[The records]

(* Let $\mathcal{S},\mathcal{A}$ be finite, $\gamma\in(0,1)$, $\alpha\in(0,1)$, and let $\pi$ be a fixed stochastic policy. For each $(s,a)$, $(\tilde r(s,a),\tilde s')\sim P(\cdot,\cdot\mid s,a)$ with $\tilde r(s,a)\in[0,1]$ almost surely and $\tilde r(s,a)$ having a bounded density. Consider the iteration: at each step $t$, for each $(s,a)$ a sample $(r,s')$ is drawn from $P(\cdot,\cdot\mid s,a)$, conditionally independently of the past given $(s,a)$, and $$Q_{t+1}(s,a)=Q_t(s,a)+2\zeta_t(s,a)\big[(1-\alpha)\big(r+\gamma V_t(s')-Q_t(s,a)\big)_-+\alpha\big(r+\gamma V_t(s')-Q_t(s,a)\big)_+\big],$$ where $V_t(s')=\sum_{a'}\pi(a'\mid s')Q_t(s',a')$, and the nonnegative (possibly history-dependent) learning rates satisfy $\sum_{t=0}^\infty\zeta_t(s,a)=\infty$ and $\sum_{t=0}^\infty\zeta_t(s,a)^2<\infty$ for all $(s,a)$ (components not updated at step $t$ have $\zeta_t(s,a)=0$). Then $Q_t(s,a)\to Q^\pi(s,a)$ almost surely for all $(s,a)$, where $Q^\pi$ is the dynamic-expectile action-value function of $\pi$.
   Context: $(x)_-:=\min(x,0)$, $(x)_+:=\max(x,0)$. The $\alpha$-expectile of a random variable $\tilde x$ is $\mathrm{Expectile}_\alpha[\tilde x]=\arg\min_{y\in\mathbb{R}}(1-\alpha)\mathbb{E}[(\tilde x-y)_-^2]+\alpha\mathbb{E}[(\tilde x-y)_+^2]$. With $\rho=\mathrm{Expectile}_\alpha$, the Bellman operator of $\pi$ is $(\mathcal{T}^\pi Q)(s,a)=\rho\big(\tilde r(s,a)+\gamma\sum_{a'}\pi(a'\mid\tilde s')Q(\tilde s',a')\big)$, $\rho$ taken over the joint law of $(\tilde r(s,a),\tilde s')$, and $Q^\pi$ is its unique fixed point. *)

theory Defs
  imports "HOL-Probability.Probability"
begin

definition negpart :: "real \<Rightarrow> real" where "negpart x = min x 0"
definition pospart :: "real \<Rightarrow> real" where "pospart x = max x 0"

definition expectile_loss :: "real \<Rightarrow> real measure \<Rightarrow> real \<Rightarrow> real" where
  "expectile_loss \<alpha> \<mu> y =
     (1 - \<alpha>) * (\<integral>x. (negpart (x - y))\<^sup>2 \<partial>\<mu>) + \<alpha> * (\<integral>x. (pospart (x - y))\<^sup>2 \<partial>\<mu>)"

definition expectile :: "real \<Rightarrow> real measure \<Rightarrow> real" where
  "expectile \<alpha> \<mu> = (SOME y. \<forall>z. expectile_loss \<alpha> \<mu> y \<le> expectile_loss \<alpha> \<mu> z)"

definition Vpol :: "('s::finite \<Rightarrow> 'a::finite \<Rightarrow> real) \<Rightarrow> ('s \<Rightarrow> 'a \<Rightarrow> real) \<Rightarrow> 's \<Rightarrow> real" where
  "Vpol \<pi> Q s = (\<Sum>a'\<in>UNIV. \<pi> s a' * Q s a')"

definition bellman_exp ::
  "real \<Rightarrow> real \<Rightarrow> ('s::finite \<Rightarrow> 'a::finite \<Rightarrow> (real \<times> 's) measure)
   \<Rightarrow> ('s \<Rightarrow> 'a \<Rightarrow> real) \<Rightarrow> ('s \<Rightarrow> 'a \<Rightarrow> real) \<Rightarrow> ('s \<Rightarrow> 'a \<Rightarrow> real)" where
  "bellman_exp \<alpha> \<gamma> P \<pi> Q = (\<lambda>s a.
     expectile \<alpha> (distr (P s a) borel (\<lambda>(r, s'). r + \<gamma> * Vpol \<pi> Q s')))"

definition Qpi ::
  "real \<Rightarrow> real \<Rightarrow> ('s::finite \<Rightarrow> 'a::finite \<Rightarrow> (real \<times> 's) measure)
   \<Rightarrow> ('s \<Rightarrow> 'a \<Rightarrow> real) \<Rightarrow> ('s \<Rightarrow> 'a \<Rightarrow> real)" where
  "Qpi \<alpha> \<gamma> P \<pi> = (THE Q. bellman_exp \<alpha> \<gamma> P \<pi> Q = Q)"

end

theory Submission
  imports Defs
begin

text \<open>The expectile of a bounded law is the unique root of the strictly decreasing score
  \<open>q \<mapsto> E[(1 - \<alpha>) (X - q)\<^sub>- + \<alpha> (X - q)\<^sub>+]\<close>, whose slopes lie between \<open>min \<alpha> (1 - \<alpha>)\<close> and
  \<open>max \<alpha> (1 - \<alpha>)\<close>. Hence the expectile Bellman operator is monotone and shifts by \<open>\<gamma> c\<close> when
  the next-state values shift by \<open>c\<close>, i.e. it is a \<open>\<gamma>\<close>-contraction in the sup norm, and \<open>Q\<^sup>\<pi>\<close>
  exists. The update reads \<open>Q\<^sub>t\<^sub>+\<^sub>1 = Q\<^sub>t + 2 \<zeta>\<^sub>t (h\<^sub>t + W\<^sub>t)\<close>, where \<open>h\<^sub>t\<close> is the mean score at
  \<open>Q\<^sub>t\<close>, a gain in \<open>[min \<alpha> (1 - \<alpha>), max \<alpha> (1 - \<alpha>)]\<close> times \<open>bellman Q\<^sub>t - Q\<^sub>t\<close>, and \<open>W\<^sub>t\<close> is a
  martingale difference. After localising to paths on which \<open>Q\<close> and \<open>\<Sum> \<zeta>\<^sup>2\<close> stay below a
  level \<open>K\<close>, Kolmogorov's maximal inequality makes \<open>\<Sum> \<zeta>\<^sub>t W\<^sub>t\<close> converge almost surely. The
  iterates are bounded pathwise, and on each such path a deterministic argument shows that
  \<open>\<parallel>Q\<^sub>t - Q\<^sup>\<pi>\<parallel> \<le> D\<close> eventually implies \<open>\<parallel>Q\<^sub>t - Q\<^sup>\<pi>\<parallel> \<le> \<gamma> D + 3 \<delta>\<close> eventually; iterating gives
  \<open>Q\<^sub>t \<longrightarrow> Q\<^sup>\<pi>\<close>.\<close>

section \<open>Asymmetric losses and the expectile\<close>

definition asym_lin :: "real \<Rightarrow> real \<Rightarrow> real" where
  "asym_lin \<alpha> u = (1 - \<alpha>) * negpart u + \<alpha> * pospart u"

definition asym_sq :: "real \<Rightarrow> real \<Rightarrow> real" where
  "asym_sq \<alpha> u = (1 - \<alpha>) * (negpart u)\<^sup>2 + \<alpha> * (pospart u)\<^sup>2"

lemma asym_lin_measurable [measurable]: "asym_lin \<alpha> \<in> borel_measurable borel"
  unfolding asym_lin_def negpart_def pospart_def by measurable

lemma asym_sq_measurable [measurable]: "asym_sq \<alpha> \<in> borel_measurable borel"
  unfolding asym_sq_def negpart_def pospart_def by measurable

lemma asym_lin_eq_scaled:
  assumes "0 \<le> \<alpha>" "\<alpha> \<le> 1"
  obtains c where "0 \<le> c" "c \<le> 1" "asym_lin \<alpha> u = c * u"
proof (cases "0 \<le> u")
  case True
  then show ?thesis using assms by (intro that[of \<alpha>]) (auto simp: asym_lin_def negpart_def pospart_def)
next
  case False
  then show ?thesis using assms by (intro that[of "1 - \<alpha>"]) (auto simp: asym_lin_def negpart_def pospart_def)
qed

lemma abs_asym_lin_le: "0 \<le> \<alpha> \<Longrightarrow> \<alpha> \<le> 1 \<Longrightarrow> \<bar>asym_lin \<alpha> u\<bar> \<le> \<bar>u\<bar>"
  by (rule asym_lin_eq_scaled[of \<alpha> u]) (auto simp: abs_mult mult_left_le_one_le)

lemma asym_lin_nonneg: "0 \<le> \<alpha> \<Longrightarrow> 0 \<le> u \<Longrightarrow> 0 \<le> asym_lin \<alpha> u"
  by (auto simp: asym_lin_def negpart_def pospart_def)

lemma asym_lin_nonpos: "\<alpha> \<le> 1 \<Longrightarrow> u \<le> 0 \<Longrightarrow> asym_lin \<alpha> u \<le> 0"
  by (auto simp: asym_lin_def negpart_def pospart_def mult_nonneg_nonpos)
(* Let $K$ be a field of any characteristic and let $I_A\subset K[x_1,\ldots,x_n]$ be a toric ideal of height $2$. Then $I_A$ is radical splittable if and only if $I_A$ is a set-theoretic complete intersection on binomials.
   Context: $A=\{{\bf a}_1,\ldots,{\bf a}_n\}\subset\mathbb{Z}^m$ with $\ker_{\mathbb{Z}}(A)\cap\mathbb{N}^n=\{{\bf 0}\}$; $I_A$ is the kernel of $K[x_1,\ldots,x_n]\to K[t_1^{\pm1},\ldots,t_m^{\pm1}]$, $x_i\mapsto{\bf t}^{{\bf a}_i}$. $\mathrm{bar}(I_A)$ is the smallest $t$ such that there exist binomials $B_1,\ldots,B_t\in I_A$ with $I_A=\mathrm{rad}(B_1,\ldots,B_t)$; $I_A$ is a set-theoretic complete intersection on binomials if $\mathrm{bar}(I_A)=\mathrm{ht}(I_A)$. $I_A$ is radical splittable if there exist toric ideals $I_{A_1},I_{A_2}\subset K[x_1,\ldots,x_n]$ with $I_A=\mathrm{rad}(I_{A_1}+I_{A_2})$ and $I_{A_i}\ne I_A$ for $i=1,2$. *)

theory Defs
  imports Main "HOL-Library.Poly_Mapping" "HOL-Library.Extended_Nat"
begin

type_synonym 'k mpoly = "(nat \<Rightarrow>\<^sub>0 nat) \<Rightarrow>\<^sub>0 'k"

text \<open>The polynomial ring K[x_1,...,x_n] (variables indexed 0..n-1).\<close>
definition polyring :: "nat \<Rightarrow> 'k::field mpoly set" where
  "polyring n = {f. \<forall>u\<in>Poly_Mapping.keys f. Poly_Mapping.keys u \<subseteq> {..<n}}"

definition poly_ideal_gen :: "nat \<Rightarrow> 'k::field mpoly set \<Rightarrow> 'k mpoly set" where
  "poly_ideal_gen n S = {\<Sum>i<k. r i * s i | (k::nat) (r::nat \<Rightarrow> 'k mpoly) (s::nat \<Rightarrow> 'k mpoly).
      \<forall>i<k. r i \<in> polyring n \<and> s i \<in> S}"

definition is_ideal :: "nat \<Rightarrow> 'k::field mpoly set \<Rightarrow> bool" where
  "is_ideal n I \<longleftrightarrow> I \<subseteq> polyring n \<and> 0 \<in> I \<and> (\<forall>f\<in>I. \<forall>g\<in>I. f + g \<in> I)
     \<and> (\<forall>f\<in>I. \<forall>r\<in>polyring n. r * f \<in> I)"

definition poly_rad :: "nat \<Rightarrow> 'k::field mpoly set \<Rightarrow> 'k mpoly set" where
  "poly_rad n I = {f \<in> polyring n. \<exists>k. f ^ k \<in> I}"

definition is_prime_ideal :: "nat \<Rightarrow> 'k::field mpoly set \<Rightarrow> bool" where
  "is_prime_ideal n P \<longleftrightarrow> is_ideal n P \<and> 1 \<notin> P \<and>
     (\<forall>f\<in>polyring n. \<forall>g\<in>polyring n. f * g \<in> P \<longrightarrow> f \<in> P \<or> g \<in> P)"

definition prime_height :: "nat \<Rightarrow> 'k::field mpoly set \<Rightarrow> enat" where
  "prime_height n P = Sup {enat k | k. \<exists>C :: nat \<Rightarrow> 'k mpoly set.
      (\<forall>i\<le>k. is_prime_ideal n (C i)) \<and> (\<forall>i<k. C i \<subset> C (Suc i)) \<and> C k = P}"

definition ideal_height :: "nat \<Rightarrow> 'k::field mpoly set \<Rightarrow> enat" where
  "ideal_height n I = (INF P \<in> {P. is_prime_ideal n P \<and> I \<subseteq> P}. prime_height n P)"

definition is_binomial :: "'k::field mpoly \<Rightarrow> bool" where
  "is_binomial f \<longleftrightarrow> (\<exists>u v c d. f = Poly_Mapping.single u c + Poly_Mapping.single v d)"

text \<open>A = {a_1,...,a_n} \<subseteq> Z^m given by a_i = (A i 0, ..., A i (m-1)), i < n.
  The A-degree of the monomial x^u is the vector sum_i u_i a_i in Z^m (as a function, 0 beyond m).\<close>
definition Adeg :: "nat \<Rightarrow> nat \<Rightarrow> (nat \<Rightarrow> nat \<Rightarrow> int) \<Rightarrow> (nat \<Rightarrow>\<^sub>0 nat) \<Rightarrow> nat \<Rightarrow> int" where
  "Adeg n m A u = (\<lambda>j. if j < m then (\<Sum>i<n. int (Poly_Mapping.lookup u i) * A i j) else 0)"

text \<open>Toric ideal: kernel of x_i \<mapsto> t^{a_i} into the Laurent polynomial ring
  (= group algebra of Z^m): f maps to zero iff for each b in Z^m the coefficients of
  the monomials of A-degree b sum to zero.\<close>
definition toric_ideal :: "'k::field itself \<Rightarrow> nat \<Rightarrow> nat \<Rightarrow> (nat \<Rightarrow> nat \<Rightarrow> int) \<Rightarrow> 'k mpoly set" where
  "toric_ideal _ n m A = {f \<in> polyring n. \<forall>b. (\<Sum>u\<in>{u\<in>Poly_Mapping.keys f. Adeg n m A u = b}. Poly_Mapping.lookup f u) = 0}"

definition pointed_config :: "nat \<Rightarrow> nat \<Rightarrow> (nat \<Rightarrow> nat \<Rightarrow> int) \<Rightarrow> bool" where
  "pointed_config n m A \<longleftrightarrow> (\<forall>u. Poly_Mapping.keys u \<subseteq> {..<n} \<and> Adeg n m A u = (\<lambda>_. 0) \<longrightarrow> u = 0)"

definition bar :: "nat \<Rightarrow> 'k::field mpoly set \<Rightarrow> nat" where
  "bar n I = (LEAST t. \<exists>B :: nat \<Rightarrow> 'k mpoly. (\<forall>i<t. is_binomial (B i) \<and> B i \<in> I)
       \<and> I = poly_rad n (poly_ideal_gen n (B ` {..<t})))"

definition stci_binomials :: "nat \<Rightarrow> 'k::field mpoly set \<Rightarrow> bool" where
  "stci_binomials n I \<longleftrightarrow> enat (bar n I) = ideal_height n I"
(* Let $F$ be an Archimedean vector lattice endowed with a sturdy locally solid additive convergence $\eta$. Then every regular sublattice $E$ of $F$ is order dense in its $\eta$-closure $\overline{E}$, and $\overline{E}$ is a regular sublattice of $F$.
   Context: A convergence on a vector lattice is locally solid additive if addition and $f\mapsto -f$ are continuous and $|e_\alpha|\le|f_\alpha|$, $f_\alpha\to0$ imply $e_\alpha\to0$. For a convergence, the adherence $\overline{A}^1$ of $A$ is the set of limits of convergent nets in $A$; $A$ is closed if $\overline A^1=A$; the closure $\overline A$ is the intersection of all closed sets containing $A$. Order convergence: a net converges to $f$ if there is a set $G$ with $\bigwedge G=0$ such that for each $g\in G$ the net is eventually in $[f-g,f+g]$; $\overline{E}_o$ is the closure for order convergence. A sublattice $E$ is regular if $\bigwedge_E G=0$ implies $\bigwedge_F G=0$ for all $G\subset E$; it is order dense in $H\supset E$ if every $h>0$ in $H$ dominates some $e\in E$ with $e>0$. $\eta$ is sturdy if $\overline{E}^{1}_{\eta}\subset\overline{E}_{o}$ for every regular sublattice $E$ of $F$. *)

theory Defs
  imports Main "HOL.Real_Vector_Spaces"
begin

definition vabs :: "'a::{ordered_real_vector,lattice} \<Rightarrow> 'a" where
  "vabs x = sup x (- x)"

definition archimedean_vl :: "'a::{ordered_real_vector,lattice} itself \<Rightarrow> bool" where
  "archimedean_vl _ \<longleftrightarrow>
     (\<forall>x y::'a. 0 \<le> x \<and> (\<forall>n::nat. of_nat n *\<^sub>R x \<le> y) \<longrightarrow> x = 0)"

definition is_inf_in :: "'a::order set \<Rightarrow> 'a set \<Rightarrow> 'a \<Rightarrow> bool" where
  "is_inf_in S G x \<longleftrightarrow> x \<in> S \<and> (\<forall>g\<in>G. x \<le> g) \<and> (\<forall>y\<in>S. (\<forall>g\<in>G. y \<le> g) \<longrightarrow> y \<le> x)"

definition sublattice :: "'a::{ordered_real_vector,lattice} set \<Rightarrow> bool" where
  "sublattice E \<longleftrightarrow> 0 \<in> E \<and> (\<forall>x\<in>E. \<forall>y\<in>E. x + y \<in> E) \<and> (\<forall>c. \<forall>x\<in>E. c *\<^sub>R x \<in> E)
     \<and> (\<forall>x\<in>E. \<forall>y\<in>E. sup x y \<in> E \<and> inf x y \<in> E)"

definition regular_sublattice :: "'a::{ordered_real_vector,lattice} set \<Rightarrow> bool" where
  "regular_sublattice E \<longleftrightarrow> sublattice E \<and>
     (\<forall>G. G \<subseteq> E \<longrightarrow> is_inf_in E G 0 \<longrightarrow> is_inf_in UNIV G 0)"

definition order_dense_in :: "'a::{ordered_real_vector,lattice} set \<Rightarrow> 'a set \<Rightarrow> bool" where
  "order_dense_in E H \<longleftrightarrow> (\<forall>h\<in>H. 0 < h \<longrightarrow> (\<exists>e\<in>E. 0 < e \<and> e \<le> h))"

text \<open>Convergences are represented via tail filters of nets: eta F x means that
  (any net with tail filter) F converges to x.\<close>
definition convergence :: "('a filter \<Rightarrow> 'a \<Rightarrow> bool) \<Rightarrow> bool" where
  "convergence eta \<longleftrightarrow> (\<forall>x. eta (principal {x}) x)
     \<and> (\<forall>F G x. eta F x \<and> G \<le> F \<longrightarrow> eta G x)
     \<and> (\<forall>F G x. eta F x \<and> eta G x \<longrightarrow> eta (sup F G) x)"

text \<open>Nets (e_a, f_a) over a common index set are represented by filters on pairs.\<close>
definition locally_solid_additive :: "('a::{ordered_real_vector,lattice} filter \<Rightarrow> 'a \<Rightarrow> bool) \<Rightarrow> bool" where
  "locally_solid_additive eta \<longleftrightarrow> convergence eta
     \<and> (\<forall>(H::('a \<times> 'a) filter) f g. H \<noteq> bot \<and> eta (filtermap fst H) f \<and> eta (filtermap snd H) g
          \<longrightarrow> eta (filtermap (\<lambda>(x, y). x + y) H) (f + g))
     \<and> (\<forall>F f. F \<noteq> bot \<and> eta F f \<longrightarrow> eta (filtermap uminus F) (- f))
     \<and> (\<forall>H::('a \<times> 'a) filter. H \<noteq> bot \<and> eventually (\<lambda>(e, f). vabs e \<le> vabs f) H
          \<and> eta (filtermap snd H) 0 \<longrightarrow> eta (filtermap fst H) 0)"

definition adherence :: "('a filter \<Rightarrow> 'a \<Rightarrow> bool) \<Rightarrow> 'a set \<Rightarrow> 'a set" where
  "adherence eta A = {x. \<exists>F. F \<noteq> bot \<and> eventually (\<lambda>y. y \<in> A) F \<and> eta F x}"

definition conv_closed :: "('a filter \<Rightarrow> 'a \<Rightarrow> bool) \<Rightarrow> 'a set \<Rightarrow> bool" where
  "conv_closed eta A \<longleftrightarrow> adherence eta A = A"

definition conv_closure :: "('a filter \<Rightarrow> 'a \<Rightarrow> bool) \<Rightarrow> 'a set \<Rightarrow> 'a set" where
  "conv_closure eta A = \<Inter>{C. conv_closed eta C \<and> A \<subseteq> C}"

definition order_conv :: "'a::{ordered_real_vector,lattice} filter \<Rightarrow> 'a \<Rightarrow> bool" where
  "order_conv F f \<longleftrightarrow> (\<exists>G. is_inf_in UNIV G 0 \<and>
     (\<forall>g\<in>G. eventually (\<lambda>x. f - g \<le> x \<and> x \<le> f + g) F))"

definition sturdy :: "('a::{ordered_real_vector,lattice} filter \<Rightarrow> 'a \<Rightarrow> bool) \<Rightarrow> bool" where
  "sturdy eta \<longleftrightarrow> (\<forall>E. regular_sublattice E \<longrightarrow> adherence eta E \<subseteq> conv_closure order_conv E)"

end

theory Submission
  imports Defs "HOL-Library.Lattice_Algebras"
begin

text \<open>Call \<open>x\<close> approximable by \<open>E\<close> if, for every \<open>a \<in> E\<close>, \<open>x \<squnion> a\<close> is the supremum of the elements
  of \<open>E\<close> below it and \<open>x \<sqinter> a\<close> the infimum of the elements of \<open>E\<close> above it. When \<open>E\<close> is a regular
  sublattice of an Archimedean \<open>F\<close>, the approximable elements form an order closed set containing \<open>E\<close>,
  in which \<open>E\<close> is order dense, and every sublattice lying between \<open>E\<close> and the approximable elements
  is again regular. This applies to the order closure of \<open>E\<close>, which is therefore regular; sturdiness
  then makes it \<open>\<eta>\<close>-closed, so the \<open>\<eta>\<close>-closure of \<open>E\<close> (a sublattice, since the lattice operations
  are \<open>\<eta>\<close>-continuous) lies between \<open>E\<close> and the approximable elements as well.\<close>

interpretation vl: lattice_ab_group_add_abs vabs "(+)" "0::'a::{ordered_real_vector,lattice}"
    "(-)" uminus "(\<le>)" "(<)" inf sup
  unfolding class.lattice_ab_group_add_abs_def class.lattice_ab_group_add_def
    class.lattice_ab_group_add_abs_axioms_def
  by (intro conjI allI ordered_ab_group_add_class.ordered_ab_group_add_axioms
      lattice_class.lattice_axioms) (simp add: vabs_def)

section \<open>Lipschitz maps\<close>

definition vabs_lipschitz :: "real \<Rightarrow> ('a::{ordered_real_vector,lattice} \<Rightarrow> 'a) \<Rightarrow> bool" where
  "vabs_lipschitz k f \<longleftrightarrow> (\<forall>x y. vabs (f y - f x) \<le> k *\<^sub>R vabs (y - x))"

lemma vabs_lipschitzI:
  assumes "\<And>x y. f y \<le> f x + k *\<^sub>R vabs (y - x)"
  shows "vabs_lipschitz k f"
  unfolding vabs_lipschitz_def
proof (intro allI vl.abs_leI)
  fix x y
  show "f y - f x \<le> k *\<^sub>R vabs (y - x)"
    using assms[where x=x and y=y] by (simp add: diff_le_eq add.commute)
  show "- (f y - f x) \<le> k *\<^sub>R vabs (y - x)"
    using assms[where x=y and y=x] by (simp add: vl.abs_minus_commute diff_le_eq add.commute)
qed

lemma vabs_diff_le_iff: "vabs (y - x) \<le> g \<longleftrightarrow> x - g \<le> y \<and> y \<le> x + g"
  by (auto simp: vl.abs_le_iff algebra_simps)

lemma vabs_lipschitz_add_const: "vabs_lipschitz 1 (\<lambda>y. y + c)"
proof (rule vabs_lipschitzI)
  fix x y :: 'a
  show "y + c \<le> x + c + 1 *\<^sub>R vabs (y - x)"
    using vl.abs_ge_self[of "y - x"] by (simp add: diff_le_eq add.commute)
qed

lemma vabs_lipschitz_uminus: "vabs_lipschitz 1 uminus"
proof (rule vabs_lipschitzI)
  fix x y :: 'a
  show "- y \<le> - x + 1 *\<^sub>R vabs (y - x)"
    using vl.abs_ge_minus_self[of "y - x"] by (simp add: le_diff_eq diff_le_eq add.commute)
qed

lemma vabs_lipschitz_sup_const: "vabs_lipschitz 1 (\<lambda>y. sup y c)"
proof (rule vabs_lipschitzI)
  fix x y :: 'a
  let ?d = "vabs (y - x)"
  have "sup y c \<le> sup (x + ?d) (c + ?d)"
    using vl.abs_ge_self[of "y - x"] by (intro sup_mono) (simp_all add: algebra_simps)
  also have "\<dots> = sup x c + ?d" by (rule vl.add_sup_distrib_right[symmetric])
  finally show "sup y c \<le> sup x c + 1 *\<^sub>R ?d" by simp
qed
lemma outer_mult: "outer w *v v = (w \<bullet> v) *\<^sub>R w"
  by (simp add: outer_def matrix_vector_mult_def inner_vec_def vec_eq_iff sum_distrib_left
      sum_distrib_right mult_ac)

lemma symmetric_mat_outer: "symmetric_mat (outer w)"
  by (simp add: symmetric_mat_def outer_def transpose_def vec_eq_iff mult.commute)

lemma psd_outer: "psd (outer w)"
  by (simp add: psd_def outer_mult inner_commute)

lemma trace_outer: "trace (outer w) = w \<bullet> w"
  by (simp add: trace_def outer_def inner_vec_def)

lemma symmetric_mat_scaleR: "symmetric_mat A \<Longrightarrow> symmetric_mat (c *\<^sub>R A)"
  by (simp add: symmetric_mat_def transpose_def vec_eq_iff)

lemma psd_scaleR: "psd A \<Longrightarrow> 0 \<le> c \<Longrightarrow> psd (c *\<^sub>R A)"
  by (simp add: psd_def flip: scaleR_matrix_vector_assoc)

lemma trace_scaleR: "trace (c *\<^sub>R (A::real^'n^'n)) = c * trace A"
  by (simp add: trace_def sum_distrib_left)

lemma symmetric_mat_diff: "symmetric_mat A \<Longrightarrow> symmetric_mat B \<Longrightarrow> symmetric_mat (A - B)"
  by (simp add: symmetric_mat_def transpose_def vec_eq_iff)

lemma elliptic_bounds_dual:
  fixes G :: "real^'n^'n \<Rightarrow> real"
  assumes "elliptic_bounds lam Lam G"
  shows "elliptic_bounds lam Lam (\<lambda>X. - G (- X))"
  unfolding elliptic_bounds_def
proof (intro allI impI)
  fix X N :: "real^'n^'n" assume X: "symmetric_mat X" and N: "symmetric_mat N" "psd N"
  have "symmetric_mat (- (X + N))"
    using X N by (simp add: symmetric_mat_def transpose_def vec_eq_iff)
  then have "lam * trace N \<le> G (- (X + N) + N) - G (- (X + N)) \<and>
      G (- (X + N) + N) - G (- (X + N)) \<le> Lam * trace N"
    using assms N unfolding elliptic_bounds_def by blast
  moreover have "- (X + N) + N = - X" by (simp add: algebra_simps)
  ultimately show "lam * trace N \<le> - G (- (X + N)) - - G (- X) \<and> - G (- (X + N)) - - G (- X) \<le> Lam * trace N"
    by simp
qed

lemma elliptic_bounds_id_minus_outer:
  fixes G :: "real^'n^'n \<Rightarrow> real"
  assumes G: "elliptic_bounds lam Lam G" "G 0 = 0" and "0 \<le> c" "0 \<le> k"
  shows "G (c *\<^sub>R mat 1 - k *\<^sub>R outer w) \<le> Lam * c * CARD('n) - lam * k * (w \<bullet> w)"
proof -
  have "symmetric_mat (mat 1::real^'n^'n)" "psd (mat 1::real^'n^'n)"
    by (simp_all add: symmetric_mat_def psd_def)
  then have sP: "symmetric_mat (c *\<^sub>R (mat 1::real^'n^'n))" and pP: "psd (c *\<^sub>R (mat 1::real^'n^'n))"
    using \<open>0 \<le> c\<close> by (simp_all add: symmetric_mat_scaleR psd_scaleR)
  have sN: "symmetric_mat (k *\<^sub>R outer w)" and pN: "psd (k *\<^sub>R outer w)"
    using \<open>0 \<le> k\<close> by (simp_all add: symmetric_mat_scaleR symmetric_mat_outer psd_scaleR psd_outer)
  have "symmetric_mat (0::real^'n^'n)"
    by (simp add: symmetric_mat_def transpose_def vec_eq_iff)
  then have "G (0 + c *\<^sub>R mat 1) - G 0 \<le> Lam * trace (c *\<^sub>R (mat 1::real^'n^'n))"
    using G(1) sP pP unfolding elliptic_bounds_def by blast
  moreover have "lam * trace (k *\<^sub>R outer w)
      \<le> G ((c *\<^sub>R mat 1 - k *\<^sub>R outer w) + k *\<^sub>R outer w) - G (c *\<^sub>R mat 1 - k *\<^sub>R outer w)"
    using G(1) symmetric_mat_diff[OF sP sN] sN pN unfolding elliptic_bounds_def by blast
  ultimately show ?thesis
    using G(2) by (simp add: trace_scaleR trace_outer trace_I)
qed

[Directions] Count the lines in the material above where the word "keys" occurs, and reply with nothing but the number.

[Response to this task] 3